[Stored items]
(* Let $s\in\mathbb R$, $p,q\in(0,+\infty]$ and $x_0\in\mathbb R^d$, and assume the wavelet system satisfies the dyadic covering property. Then there exists a sequence $\mathcal C\in b^{s,q}_p$ whose divergence exponent at $x_0$ satisfies $\delta_{\mathcal C}(x_0)=-s+\frac dp$.
   Context: Setting: integers $d,N\ge1$, bounded fast-decaying $\psi^{(1)},\dots,\psi^{(N)}:\mathbb R^d\to\mathbb C$, wavelets $\psi^{(i)}_{j,k}(x)=\psi^{(i)}(2^jx-k)$, $j\ge0$, $k\in\mathbb Z^d$; dyadic cubes $\lambda_{j,k}=\prod_{m=1}^d[k_m2^{-j},(k_m+1)2^{-j})$ of scale $j$; coefficients indexed by $(i,\lambda)$; $\Lambda_j$ = pairs $(i,\lambda)$ with $\lambda$ of scale $j$. $b^{s,q}_p$: sequences $(c^{(i)}_\lambda)$ with $\big(\big(\sum_{(i,\lambda)\in\Lambda_j}|c^{(i)}_\lambda2^{(s-d/p)j}|^p\big)^{1/p}\big)_{j\ge0}\in\ell^q$ (supremum if $p=\infty$; $d/p=0$ if $p=\infty$). Divergence exponent $\delta_{\mathcal C}(x)$: supremum of $\gamma$ such that there exist $C>0$ and $(i_n,j_n,k_n)$ with $j_n\to\infty$ and $|c^{(i_n)}_{j_n,k_n}\psi^{(i_n)}_{j_n,k_n}(x)|\ge C2^{\gamma j_n}$. Dyadic covering property: there exist $C_0>0$ and finitely many triplets $(i_l,j_l,k_l)$ with $j_l\ge1$ such that every $x\in[0,1)^d$ has some $l$ with $|\psi^{(i_l)}(2^{j_l}x-k_l)|\ge C_0$. *)

theory Defs
  imports "HOL-Analysis.Analysis"
begin

text \<open>Dimension d = CARD('d).
  A coefficient sequence is c :: nat => nat => ('d => int) => complex, c i j k = c^(i)_{j,k}.\<close>

definition dyad_arg :: "nat \<Rightarrow> real^'d \<Rightarrow> ('d::finite \<Rightarrow> int) \<Rightarrow> real^'d" where
  "dyad_arg j x k = (\<chi> m. 2 ^ j * x $ m - of_int (k m))"

definition wav :: "(nat \<Rightarrow> real^'d \<Rightarrow> complex) \<Rightarrow> nat \<Rightarrow> nat \<Rightarrow> ('d::finite \<Rightarrow> int) \<Rightarrow> real^'d \<Rightarrow> complex" where
  "wav \<psi> i j k x = \<psi> i (dyad_arg j x k)"

definition d_over_p :: "'d::finite itself \<Rightarrow> ereal \<Rightarrow> real" where
  "d_over_p TYPE('d) p = (if p = \<infinity> then 0 else real CARD('d) / real_of_ereal p)"

definition level_norm :: "nat \<Rightarrow> real \<Rightarrow> ereal \<Rightarrow> (nat \<Rightarrow> nat \<Rightarrow> ('d::finite \<Rightarrow> int) \<Rightarrow> complex) \<Rightarrow> nat \<Rightarrow> real" where
  "level_norm N s p c j =
     (if p = \<infinity> then Sup {norm (c i j k) * 2 powr (s * real j) | i k. i \<in> {1..N}}
      else (infsum (\<lambda>(i,k). (norm (c i j k) * 2 powr ((s - d_over_p TYPE('d) p) * real j))
                                 powr real_of_ereal p) ({1..N} \<times> UNIV))
           powr (1 / real_of_ereal p))"

definition in_bspq :: "nat \<Rightarrow> real \<Rightarrow> ereal \<Rightarrow> ereal \<Rightarrow> (nat \<Rightarrow> nat \<Rightarrow> ('d::finite \<Rightarrow> int) \<Rightarrow> complex) \<Rightarrow> bool" where
  "in_bspq N s p q c \<longleftrightarrow>
     (\<forall>j. if p = \<infinity> then bdd_above {norm (c i j k) * 2 powr (s * real j) | i k. i \<in> {1..N}}
          else (\<lambda>(i,k). (norm (c i j k) * 2 powr ((s - d_over_p TYPE('d) p) * real j))
                          powr real_of_ereal p) summable_on ({1..N} \<times> UNIV)) \<and>
     (if q = \<infinity> then bdd_above (range (level_norm N s p c))
      else summable (\<lambda>j. level_norm N s p c j powr real_of_ereal q))"

text \<open>Divergence exponent delta_C(x) (an extended real: Sup of the empty set is -infinity).\<close>
definition div_exp :: "nat \<Rightarrow> (nat \<Rightarrow> real^'d \<Rightarrow> complex) \<Rightarrow> (nat \<Rightarrow> nat \<Rightarrow> ('d::finite \<Rightarrow> int) \<Rightarrow> complex) \<Rightarrow> real^'d \<Rightarrow> ereal" where
  "div_exp N \<psi> c x = Sup {ereal \<gamma> | \<gamma>. \<exists>C>0. \<exists>ii jj kk.
       (\<forall>n. ii n \<in> {1..N}) \<and> filterlim jj at_top sequentially \<and>
       (\<forall>n. norm (c (ii n) (jj n) (kk n) * wav \<psi> (ii n) (jj n) (kk n) x) \<ge> C * 2 powr (\<gamma> * real (jj n)))}"

definition dyadic_covering :: "nat \<Rightarrow> (nat \<Rightarrow> real^'d \<Rightarrow> complex) \<Rightarrow> ('d::finite) itself \<Rightarrow> bool" where
  "dyadic_covering N \<psi> _ \<longleftrightarrow> (\<exists>C0>0. \<exists>T :: (nat \<times> nat \<times> ('d \<Rightarrow> int)) set. finite T \<and>
     (\<forall>(i,j,k)\<in>T. i \<in> {1..N} \<and> j \<ge> 1) \<and>
     (\<forall>x::real^'d. (\<forall>m. 0 \<le> x $ m \<and> x $ m < 1) \<longrightarrow>
        (\<exists>(i,j,k)\<in>T. norm (\<psi> i (dyad_arg j x k)) \<ge> C0)))"

end

theory Submission
  imports Defs "HOL-Real_Asymp.Real_Asymp"
begin

text \<open>Let M be the largest scale occurring in the dyadic covering. Applying the covering
  property to the fractional part of 2^(nM) x0 yields, in every block of scales (nM, (n+1)M],
  a wavelet psi_{j,k} with |psi_{j,k}(x0)| >= C0. Put the single coefficient
  2^((d/p - s) j) (j+1)^(-r) at each of these positions and zero elsewhere. Every level of the
  b^{s,q}_p norm is then at most (j+1)^(-r), which lies in l^q for r = 2/q (r = 1 if q = \<infinity>).
  Boundedness of the wavelets gives delta(x0) <= d/p - s; along the chosen positions the
  polynomial factor (j+1)^(-r) beats 2^(-eps j) for every eps > 0, so delta(x0) >= d/p - s - eps.\<close>

lemma has_sum_single_support:
  assumes "\<And>x. x \<noteq> a \<Longrightarrow> f x = 0"
  shows "(f has_sum (if a \<in> S then f a else 0)) S"
proof -
  have "(f has_sum (if a \<in> S then f a else 0)) (S \<inter> {a})"
    by (cases "a \<in> S") (simp_all add: Int_absorb1 has_sum_finite[of "{a}", simplified])
  then show ?thesis
    by (subst has_sum_cong_neutral[where g = f and T = "S \<inter> {a}"]) (use assms in auto)
qed

lemma uniform_bound_finite:
  fixes f :: "'i \<Rightarrow> 'a \<Rightarrow> 'b::real_normed_vector"
  assumes "finite I" "\<forall>i\<in>I. \<exists>B. \<forall>x. norm (f i x) \<le> B"
  obtains B where "\<And>i x. i \<in> I \<Longrightarrow> norm (f i x) \<le> B"
proof -
  from assms(2) obtain Bf where Bf: "\<And>i x. i \<in> I \<Longrightarrow> norm (f i x) \<le> Bf i"
    by metis
  have "Bf i \<le> (\<Sum>i\<in>I. \<bar>Bf i\<bar>)" if "i \<in> I" for i
    using member_le_sum[OF that _ \<open>finite I\<close>, of "\<lambda>i. \<bar>Bf i\<bar>"] by simp
  with Bf show thesis
    by (intro that) (blast intro: order_trans)
qed

lemma strict_mono_blocks:
  fixes l :: "nat \<Rightarrow> nat"
  assumes "\<And>n. 1 \<le> l n \<and> l n \<le> M"
  shows "strict_mono (\<lambda>n. n * M + l n)"
proof (rule strict_monoI_Suc)
  fix n
  have "n * M + l n \<le> n * M + M" using assms by simp
  also have "\<dots> < Suc n * M + l (Suc n)" using assms[of "Suc n"] by simp
  finally show "n * M + l n < Suc n * M + l (Suc n)" .
qed

lemma dyad_arg_rescale:
  "dyad_arg (n + l) x (\<lambda>m. 2 ^ l * \<lfloor>2 ^ n * x $ m\<rfloor> + k m)
     = dyad_arg l (\<chi> m. frac (2 ^ n * x $ m)) k"
  by (simp add: vec_eq_iff dyad_arg_def frac_def power_add algebra_simps)

lemma dyadic_covering_at_scale:
  fixes \<psi> :: "nat \<Rightarrow> real^'d::finite \<Rightarrow> complex" and x :: "real^'d"
  assumes cover: "\<forall>y::real^'d. (\<forall>m. 0 \<le> y $ m \<and> y $ m < 1) \<longrightarrow>
        (\<exists>(i,l,k)\<in>T. norm (\<psi> i (dyad_arg l y k)) \<ge> C0)"
  obtains i l k where "(i, l, k) \<in> T"
    "C0 \<le> norm (wav \<psi> i (n + l) (\<lambda>m. 2 ^ l * \<lfloor>2 ^ n * x $ m\<rfloor> + k m) x)"
proof -
  have "\<forall>m. 0 \<le> (\<chi> m. frac (2 ^ n * x $ m)) $ m \<and> (\<chi> m. frac (2 ^ n * x $ m)) $ m < 1"
    by (simp add: frac_lt_1)
  then show ?thesis
    using cover that by (fastforce simp: wav_def dyad_arg_rescale)
qed

lemma dyadic_covering_local:
  fixes \<psi> :: "nat \<Rightarrow> real^'d::finite \<Rightarrow> complex"
  assumes "dyadic_covering N \<psi> TYPE('d)"
  obtains C0 M where "C0 > 0"
    "\<And>(x :: real^'d) n. \<exists>i l k. i \<in> {1..N} \<and> 1 \<le> l \<and> l \<le> M \<and> C0 \<le> norm (wav \<psi> i (n + l) k x)"
proof -
  from assms obtain C0 and T :: "(nat \<times> nat \<times> ('d \<Rightarrow> int)) set"
    where "C0 > 0" and "finite T" and T: "\<forall>(i,l,k)\<in>T. i \<in> {1..N} \<and> l \<ge> 1"
      and cover: "\<forall>y::real^'d. (\<forall>m. 0 \<le> y $ m \<and> y $ m < 1) \<longrightarrow>
        (\<exists>(i,l,k)\<in>T. norm (\<psi> i (dyad_arg l y k)) \<ge> C0)"
    unfolding dyadic_covering_def by blast
  define M where "M = Max ((fst \<circ> snd) ` T)"
  have "\<exists>i l k. i \<in> {1..N} \<and> 1 \<le> l \<and> l \<le> M \<and> C0 \<le> norm (wav \<psi> i (n + l) k x)"
    for x :: "real^'d" and n
  proof -
    obtain i l k where "(i, l, k) \<in> T"
      and "C0 \<le> norm (wav \<psi> i (n + l) (\<lambda>m. 2 ^ l * \<lfloor>2 ^ n * x $ m\<rfloor> + k m) x)"
      by (rule dyadic_covering_at_scale[OF cover])
    moreover from this(1) have "l \<le> M"
      unfolding M_def by (intro Max_ge) (use \<open>finite T\<close> in \<open>force+\<close>)
    ultimately show ?thesis
      using T by blast
  qed
  with \<open>C0 > 0\<close> show thesis
    by (rule that)
qed

lemma dyadic_covering_sequence:
  fixes \<psi> :: "nat \<Rightarrow> real^'d::finite \<Rightarrow> complex" and x :: "real^'d"
  assumes "dyadic_covering N \<psi> TYPE('d)"
  obtains C0 and ii jj :: "nat \<Rightarrow> nat" and kk where "C0 > 0" "\<And>n. ii n \<in> {1..N}" "strict_mono jj"
    "\<And>n. C0 \<le> norm (wav \<psi> (ii n) (jj n) (kk n) x)"
proof -
  obtain C0 M where "C0 > 0" and local:
    "\<And>n. \<exists>i l k. i \<in> {1..N} \<and> 1 \<le> l \<and> l \<le> M \<and> C0 \<le> norm (wav \<psi> i (n + l) k x)"
    using dyadic_covering_local[OF assms] by metis
  obtain ii l :: "nat \<Rightarrow> nat" and kk where choice: "\<And>n. ii n \<in> {1..N} \<and> 1 \<le> l n \<and> l n \<le> M
      \<and> C0 \<le> norm (wav \<psi> (ii n) (n * M + l n) (kk n) x)"
    using local[of "_ * M"] by metis
  show thesis
  proof (rule that[of C0 ii "\<lambda>n. n * M + l n" kk])
    show "strict_mono (\<lambda>n. n * M + l n)"
      using choice by (intro strict_mono_blocks) blast
  qed (use \<open>C0 > 0\<close> choice in auto)
qed

definition lq_weight :: "ereal \<Rightarrow> nat \<Rightarrow> real" where
  "lq_weight q j = (real j + 1) powr - (if q = \<infinity> then 1 else 2 / real_of_ereal q)"

lemma lq_weight_pos: "0 < lq_weight q j"
  by (simp add: lq_weight_def)

lemma lq_weight_le_1:
  assumes "0 < q"
  shows "lq_weight q j \<le> 1"
proof -
  have "0 \<le> (if q = \<infinity> then 1 else 2 / real_of_ereal q)"
    using assms by (cases q) auto
  then have "1 \<le> (real j + 1) powr (if q = \<infinity> then 1 else 2 / real_of_ereal q)"
    by (intro ge_one_powr_ge_zero) auto
  then show ?thesis
    by (simp add: lq_weight_def powr_minus inverse_le_1_iff)
qed

lemma summable_lq_weight_powr:
  assumes "0 < q" "q \<noteq> \<infinity>"
  shows "summable (\<lambda>j. lq_weight q j powr real_of_ereal q)"
proof -
  have "lq_weight q j powr real_of_ereal q = real (Suc j) powr (-2)" for j
    using assms by (cases q) (auto simp: lq_weight_def powr_powr add.commute)
  moreover have "summable (\<lambda>j. real (Suc j) powr (-2))"
    using summable_Suc_iff[of "\<lambda>j. real j powr (-2)"] by (simp add: summable_real_powr_iff)
  ultimately show ?thesis
    by simp
qed

lemma eventually_exp_le_lq_weight:
  assumes "0 < e"
  shows "\<forall>\<^sub>F j in sequentially. 2 powr (- e * real j) \<le> lq_weight q j"
proof -
  define r where "r = (if q = \<infinity> then 1 else 2 / real_of_ereal q)"
  have "\<forall>\<^sub>F j in sequentially. (real j + 1) powr r \<le> 2 powr (e * real j)"
    using assms by real_asymp
  then show ?thesis
  proof (rule eventually_mono)
    fix j :: nat
    assume "(real j + 1) powr r \<le> 2 powr (e * real j)"
    then have "inverse (2 powr (e * real j)) \<le> inverse ((real j + 1) powr r)"
      by (intro le_imp_inverse_le) auto
    then show "2 powr (- e * real j) \<le> lq_weight q j"
      by (simp add: lq_weight_def r_def powr_minus)
  qed
qed

definition level_finite ::
    "nat \<Rightarrow> real \<Rightarrow> ereal \<Rightarrow> (nat \<Rightarrow> nat \<Rightarrow> ('d::finite \<Rightarrow> int) \<Rightarrow> complex) \<Rightarrow> nat \<Rightarrow> bool" where
  "level_finite N s p c j \<longleftrightarrow>
     (if p = \<infinity> then bdd_above {norm (c i j k) * 2 powr (s * real j) | i k. i \<in> {1..N}}
      else (\<lambda>(i,k). (norm (c i j k) * 2 powr ((s - d_over_p TYPE('d) p) * real j))
                      powr real_of_ereal p) summable_on ({1..N} \<times> UNIV))"

lemma in_bspq_iff_level_finite:
  "in_bspq N s p q c \<longleftrightarrow> (\<forall>j. level_finite N s p c j) \<and>
     (if q = \<infinity> then bdd_above (range (level_norm N s p c))
      else summable (\<lambda>j. level_norm N s p c j powr real_of_ereal q))"
  unfolding in_bspq_def level_finite_def by (rule refl)

lemma in_bspq_if_level_norm_le_lq_weight:
  assumes "0 < q" "\<And>j. level_finite N s p c j"
    and "\<And>j. 0 \<le> level_norm N s p c j" "\<And>j. level_norm N s p c j \<le> lq_weight q j"
  shows "in_bspq N s p q c"
proof (cases "q = \<infinity>")
  case True
  have "level_norm N s p c j \<le> 1" for j
    using assms(4)[of j] lq_weight_le_1[OF \<open>0 < q\<close>, of j] by linarith
  then show ?thesis
    using True assms(2) by (auto simp: in_bspq_iff_level_finite bdd_above_def)
next
  case False
  have "summable (\<lambda>j. level_norm N s p c j powr real_of_ereal q)"
  proof (rule summable_comparison_test'[OF summable_lq_weight_powr[OF \<open>0 < q\<close> False]])
    fix j
    show "norm (level_norm N s p c j powr real_of_ereal q) \<le> lq_weight q j powr real_of_ereal q"
      using assms(3,4)[of j] \<open>0 < q\<close> False by (cases q) (auto intro: powr_mono2)
  qed
  then show ?thesis
    using False assms(2) by (simp add: in_bspq_iff_level_finite)
qed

WORK REQUEST: From the line holding "complex) \<Rightarrow> ('d::finite)" to the line holding "2^((d/p - s) j)", inclusive, restate each line above exactly as written.

SOLUTION FOR THIS EXERCISE:
definition dyadic_covering :: "nat \<Rightarrow> (nat \<Rightarrow> real^'d \<Rightarrow> complex) \<Rightarrow> ('d::finite) itself \<Rightarrow> bool" where
  "dyadic_covering N \<psi> _ \<longleftrightarrow> (\<exists>C0>0. \<exists>T :: (nat \<times> nat \<times> ('d \<Rightarrow> int)) set. finite T \<and>
     (\<forall>(i,j,k)\<in>T. i \<in> {1..N} \<and> j \<ge> 1) \<and>
     (\<forall>x::real^'d. (\<forall>m. 0 \<le> x $ m \<and> x $ m < 1) \<longrightarrow>
        (\<exists>(i,j,k)\<in>T. norm (\<psi> i (dyad_arg j x k)) \<ge> C0)))"

end

theory Submission
  imports Defs "HOL-Real_Asymp.Real_Asymp"
begin

text \<open>Let M be the largest scale occurring in the dyadic covering. Applying the covering
  property to the fractional part of 2^(nM) x0 yields, in every block of scales (nM, (n+1)M],
  a wavelet psi_{j,k} with |psi_{j,k}(x0)| >= C0. Put the single coefficient
  2^((d/p - s) j) (j+1)^(-r) at each of these positions and zero elsewhere. Every level of the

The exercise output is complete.